---------- SUPPLIED MATERIAL ----------
lemma zero_in_tangent_cone:
  assumes "x \<in> \<Omega>"
  shows "0 \<in> tangent_cone \<Omega> x"
proof -
  have "0 = 0 *\<^sub>R (x - x)" by simp
  with assms show ?thesis unfolding tangent_cone_def by (blast intro: closure_subset[THEN subsetD])
qed

lemma norm_tangent_proj_le: "x \<in> \<Omega> \<Longrightarrow> norm (tangent_proj \<Omega> x w) \<le> 2 * norm w"
  unfolding tangent_proj_def by (intro norm_closest_point_le closed_tangent_cone zero_in_tangent_cone)

lemma norm_interaction_drift_le:
  fixes gW gV :: "'a::real_normed_vector \<Rightarrow> 'a" and y :: "nat \<Rightarrow> 'a"
  assumes gW: "\<And>z. norm (gW z) \<le> K * (1 + norm z)" and gV: "\<And>z. norm (gV z) \<le> K * (1 + norm z)"
    and "K \<ge> 0" and m: "\<And>j. j < k \<Longrightarrow> m j \<ge> 0" and m_sum: "(\<Sum>j<k. m j) = 1"
    and y: "\<And>j. j < k \<Longrightarrow> norm (y j) \<le> H" and "i < k"
  shows "norm (- (\<Sum>j<k. m j *\<^sub>R gW (y i - y j)) - gV (y i)) \<le> 3 * K * (1 + H)"
proof -
  have "norm (gW (y i - y j)) \<le> K * (1 + 2 * H)" if "j < k" for j
  proof -
    have "norm (y i - y j) \<le> 2 * H"
      using norm_triangle_ineq4[of "y i" "y j"] y[OF \<open>i < k\<close>] y[OF that] by simp
    then show ?thesis using gW[of "y i - y j"] \<open>K \<ge> 0\<close> by (smt (verit) mult_left_mono)
  qed
  then have "norm (\<Sum>j<k. m j *\<^sub>R gW (y i - y j)) \<le> (\<Sum>j<k. m j * (K * (1 + 2 * H)))"
    using m by (intro order_trans[OF norm_sum] sum_mono) (simp add: mult_left_mono)
  also have "\<dots> = K * (1 + 2 * H)" using m_sum by (simp add: sum_distrib_right[symmetric])
  finally have "norm (\<Sum>j<k. m j *\<^sub>R gW (y i - y j)) \<le> K * (1 + 2 * H)" .
  moreover have "norm (gV (y i)) \<le> K * (1 + H)"
    using gV[of "y i"] y[OF \<open>i < k\<close>] \<open>K \<ge> 0\<close> by (smt (verit) mult_left_mono)
  ultimately show ?thesis
    using norm_triangle_ineq4[of "- (\<Sum>j<k. m j *\<^sub>R gW (y i - y j))" "gV (y i)"] \<open>K \<ge> 0\<close>
    by (simp add: algebra_simps)
qed

lemma continuous_barrier_principle:
  fixes u :: "'i \<Rightarrow> real \<Rightarrow> real" and h :: "real \<Rightarrow> real"
  assumes "finite I"
    and u: "\<And>i T. i \<in> I \<Longrightarrow> continuous_on {0..T} (u i)" and h: "continuous_on {0..} h"
    and start: "\<And>i. i \<in> I \<Longrightarrow> u i 0 < h 0"
    and step: "\<And>i \<tau>. i \<in> I \<Longrightarrow> \<tau> > 0 \<Longrightarrow> (\<And>j s. j \<in> I \<Longrightarrow> 0 \<le> s \<Longrightarrow> s < \<tau> \<Longrightarrow> u j s < h s) \<Longrightarrow>
        u i \<tau> < h \<tau>"
    and "i \<in> I" and "t \<ge> 0"
  shows "u i t < h t"
proof (rule ccontr)
  assume "\<not> u i t < h t"
  define A where "A = {s \<in> {0..t}. \<exists>j\<in>I. h s \<le> u j s}"
  have "closed A"
  proof -
    have "closed {s \<in> {0..t}. h s \<le> u j s}" if "j \<in> I" for j
      using h u[OF that, of t] by (intro continuous_on_closed_Collect_le) (auto elim: continuous_on_subset)
    moreover have "A = (\<Union>j\<in>I. {s \<in> {0..t}. h s \<le> u j s})" by (auto simp: A_def)
    ultimately show ?thesis using \<open>finite I\<close> by (auto intro: closed_UN)
  qed
  moreover have "t \<in> A" "bdd_below A"
    using \<open>\<not> u i t < h t\<close> \<open>i \<in> I\<close> \<open>t \<ge> 0\<close> by (auto simp: A_def not_less intro: bdd_belowI[of _ 0])
  ultimately have "Inf A \<in> A" using closed_contains_Inf by blast
  then obtain j where j: "j \<in> I" and hit: "h (Inf A) \<le> u j (Inf A)" and "Inf A \<ge> 0"
    by (auto simp: A_def)
  have below: "u j' s < h s" if "j' \<in> I" "0 \<le> s" "s < Inf A" for j' s
  proof (rule ccontr)
    assume "\<not> u j' s < h s"
    then have "s \<in> A" using that \<open>Inf A \<in> A\<close> by (auto simp: A_def not_less)
    then show False using cInf_lower[OF _ \<open>bdd_below A\<close>] \<open>s < Inf A\<close> by fastforce
  qed
  have "Inf A \<noteq> 0" using start[OF j] hit by auto
  then have "u j (Inf A) < h (Inf A)" using step[OF j _ below] \<open>Inf A \<ge> 0\<close> by simp
  with hit show False by simp
qed

lemma particle_norm_bound:
  fixes \<Omega> :: "'a::euclidean_space set" and gW gV :: "'a \<Rightarrow> 'a" and x :: "nat \<Rightarrow> real \<Rightarrow> 'a"
  assumes gW: "\<And>z. norm (gW z) \<le> K * (1 + norm z)" and gV: "\<And>z. norm (gV z) \<le> K * (1 + norm z)"
    and "K \<ge> 0" and m: "\<And>j. j < k \<Longrightarrow> m j \<ge> 0" and m_sum: "(\<Sum>j<k. m j) = 1"
    and start: "\<And>i. i < k \<Longrightarrow> norm (x i 0) < R"
    and ac: "\<And>i. i < k \<Longrightarrow> loc_abs_continuous_nonneg (x i)"
    and in_\<Omega>: "\<And>i t. i < k \<Longrightarrow> t \<ge> 0 \<Longrightarrow> x i t \<in> \<Omega>"
    and ode: "\<And>i. i < k \<Longrightarrow> AE t in lebesgue. t > 0 \<longrightarrow>
        (x i has_vector_derivative
           tangent_proj \<Omega> (x i t) (- (\<Sum>j<k. m j *\<^sub>R gW (x i t - x j t)) - gV (x i t)))
        (at t within {0..})"
    and "i < k" and "t \<ge> 0"
  shows "norm (x i t) < (R + 1) * exp (6 * K * t) - 1"
proof (rule continuous_barrier_principle[where u = "\<lambda>i t. norm (x i t)" and I = "{..<k}"])
  show "continuous_on {0..T} (\<lambda>t. norm (x i t))" if "i \<in> {..<k}" for i T
    using ac[of i] that abs_continuous_on_imp_continuous_on
    by (cases "T \<ge> 0") (auto simp: loc_abs_continuous_nonneg_def intro!: continuous_on_norm)
  show "continuous_on {0..} (\<lambda>t. (R + 1) * exp (6 * K * t) - 1)" by (intro continuous_intros)
  show "norm (x i 0) < (R + 1) * exp (6 * K * 0) - 1" if "i \<in> {..<k}" for i
    using start[of i] that by simp
next
  fix i \<tau> assume "i \<in> {..<k}" "\<tau> > 0" and below: "\<And>j s. j \<in> {..<k} \<Longrightarrow> 0 \<le> s \<Longrightarrow> s < \<tau> \<Longrightarrow>
    norm (x j s) < (R + 1) * exp (6 * K * s) - 1"
  then have "i < k" by simp
  have "AE s in lebesgue. s \<in> {0<..<\<tau>} \<longrightarrow> (\<exists>v. (x i has_vector_derivative v) (at s within {0..\<tau>})
      \<and> norm v \<le> 6 * K * (R + 1) * exp (6 * K * s))"
    using ode[OF \<open>i < k\<close>]
  proof eventually_elim
    case (elim s)
    show ?case
    proof
      assume s: "s \<in> {0<..<\<tau>}"
      define w where "w = - (\<Sum>j<k. m j *\<^sub>R gW (x i s - x j s)) - gV (x i s)"
      have "norm w \<le> 3 * K * (1 + ((R + 1) * exp (6 * K * s) - 1))"
        unfolding w_def using s below[of _ s] \<open>i < k\<close>
        by (intro norm_interaction_drift_le[OF gW gV \<open>K \<ge> 0\<close> m m_sum]) (auto intro: less_imp_le)
      then have "norm (tangent_proj \<Omega> (x i s) w) \<le> 6 * K * (R + 1) * exp (6 * K * s)"
        using norm_tangent_proj_le[OF in_\<Omega>[OF \<open>i < k\<close>], of s w] s by (simp add: algebra_simps)
      moreover have "(x i has_vector_derivative tangent_proj \<Omega> (x i s) w) (at s within {0..\<tau>})"
        using elim s unfolding w_def by (auto intro: has_vector_derivative_within_subset)
      ultimately show "\<exists>v. (x i has_vector_derivative v) (at s within {0..\<tau>})
          \<and> norm v \<le> 6 * K * (R + 1) * exp (6 * K * s)" by blast
    qed
  qed
  moreover have "R \<ge> 0" using start[OF \<open>i < k\<close>] norm_ge_zero[of "x i 0"] by linarith
  ultimately have "norm (x i \<tau> - x i 0) \<le> (R + 1) * exp (6 * K * \<tau>) - (R + 1)"
    using ac[OF \<open>i < k\<close>] \<open>\<tau> > 0\<close> \<open>K \<ge> 0\<close> unfolding loc_abs_continuous_nonneg_def
    by (intro abs_continuous_on_exponential_growth) (auto simp: mult.assoc)
  then show "norm (x i \<tau>) < (R + 1) * exp (6 * K * \<tau>) - 1"
    using norm_triangle_ineq2[of "x i \<tau>" "x i 0"] start[OF \<open>i < k\<close>] by linarith
qed (use assms in auto)

theorem lemma4p3:
  fixes \<Omega> :: "'a::euclidean_space set"
    and W V :: "'a \<Rightarrow> real" and gW gV :: "'a \<Rightarrow> 'a"
    and lamW lamV C0 :: real
  assumes "closed \<Omega>" and "convex \<Omega>" and "\<not> bounded \<Omega>"
    and "\<And>x. (W has_derivative (\<lambda>h. gW x \<bullet> h)) (at x)" and "continuous_on UNIV gW"
    and "\<And>x. (V has_derivative (\<lambda>h. gV x \<bullet> h)) (at x)" and "continuous_on UNIV gV"
    and "geod_convex_on lamW (set_diff_minus \<Omega> \<Omega>) W gW"
    and "geod_convex_on lamV \<Omega> V gV"
    and "\<And>x. norm (gW x) \<le> C0 * (1 + norm x)"
    and "\<And>x. norm (gV x) \<le> C0 * (1 + norm x)"
  shows "\<exists>C>0. \<forall>(n::nat) (k::nat) (x0 :: nat \<Rightarrow> 'a) (m :: nat \<Rightarrow> real) (x :: nat \<Rightarrow> real \<Rightarrow> 'a).
     (\<forall>i<k. x0 i \<in> \<Omega> \<inter> ball 0 (real n))
     \<and> (\<forall>i<k. m i \<ge> 0) \<and> (\<Sum>i<k. m i) = 1
     \<and> (\<forall>i<k. loc_abs_continuous_nonneg (x i))
     \<and> (\<forall>i<k. \<forall>t\<ge>0. x i t \<in> \<Omega>)
     \<and> (\<forall>i<k. x i 0 = x0 i)
     \<and> (\<forall>i<k. AE t in lebesgue. t > 0 \<longrightarrow>
          (x i has_vector_derivative
             tangent_proj \<Omega> (x i t) (- (\<Sum>j<k. m j *\<^sub>R gW (x i t - x j t)) - gV (x i t)))
          (at t within {0..}))
     \<longrightarrow> (\<forall>t\<ge>0. \<exists>r. r \<le> (real n + 1) * exp (C * t) \<and>
             {x i t | i. i < k \<and> m i > 0} \<subseteq> \<Omega> \<inter> ball 0 r)"
proof -
  define K where "K = max C0 1"
  have "K \<ge> 1" by (simp add: K_def)
  have gW: "norm (gW z) \<le> K * (1 + norm z)" and gV: "norm (gV z) \<le> K * (1 + norm z)" for z
    using assms(10,11)[of z] mult_right_mono[of C0 K "1 + norm z"] by (auto simp: K_def)
  show ?thesis
  proof (rule exI[of _ "6 * K"], intro conjI allI impI; (elim conjE)?)
    show "6 * K > 0" using \<open>K \<ge> 1\<close> by simp
  next
    fix n k :: nat and x0 :: "nat \<Rightarrow> 'a" and m :: "nat \<Rightarrow> real" and x :: "nat \<Rightarrow> real \<Rightarrow> 'a"
      and t :: real
    assume start: "\<forall>i<k. x0 i \<in> \<Omega> \<inter> ball 0 (real n)" and init: "\<forall>i<k. x i 0 = x0 i"
      and m: "\<forall>i<k. m i \<ge> 0" and m_sum: "(\<Sum>i<k. m i) = 1"
      and ac: "\<forall>i<k. loc_abs_continuous_nonneg (x i)" and in_\<Omega>: "\<forall>i<k. \<forall>t\<ge>0. x i t \<in> \<Omega>"
      and ode: "\<forall>i<k. AE t in lebesgue. t > 0 \<longrightarrow>
          (x i has_vector_derivative
             tangent_proj \<Omega> (x i t) (- (\<Sum>j<k. m j *\<^sub>R gW (x i t - x j t)) - gV (x i t)))
          (at t within {0..})"
      and "t \<ge> 0"
    have "norm (x i t) < (real n + 1) * exp (6 * K * t) - 1" if "i < k" for i
      by (rule particle_norm_bound[where \<Omega> = \<Omega> and x = x and m = m and k = k, OF gW gV])
        (use start init m m_sum ac in_\<Omega> ode \<open>K \<ge> 1\<close> \<open>t \<ge> 0\<close> that in auto)
    then show "\<exists>r. r \<le> (real n + 1) * exp (6 * K * t) \<and> {x i t |i. i < k \<and> 0 < m i} \<subseteq> \<Omega> \<inter> ball 0 r"
      using in_\<Omega> \<open>t \<ge> 0\<close> by (intro exI[of _ "(real n + 1) * exp (6 * K * t)"]) fastforce
  qed
qed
----------
### WORK TASK
Exact duplication is required for the lines above, from the line that contains "using elim s" to the line that contains "using start[OF \<open>i", inclusive; omit all others.

### RESPONSE TO THE EXERCISE
        using elim s unfolding w_def by (auto intro: has_vector_derivative_within_subset)
      ultimately show "\<exists>v. (x i has_vector_derivative v) (at s within {0..\<tau>})
          \<and> norm v \<le> 6 * K * (R + 1) * exp (6 * K * s)" by blast
    qed
  qed
  moreover have "R \<ge> 0" using start[OF \<open>i < k\<close>] norm_ge_zero[of "x i 0"] by linarith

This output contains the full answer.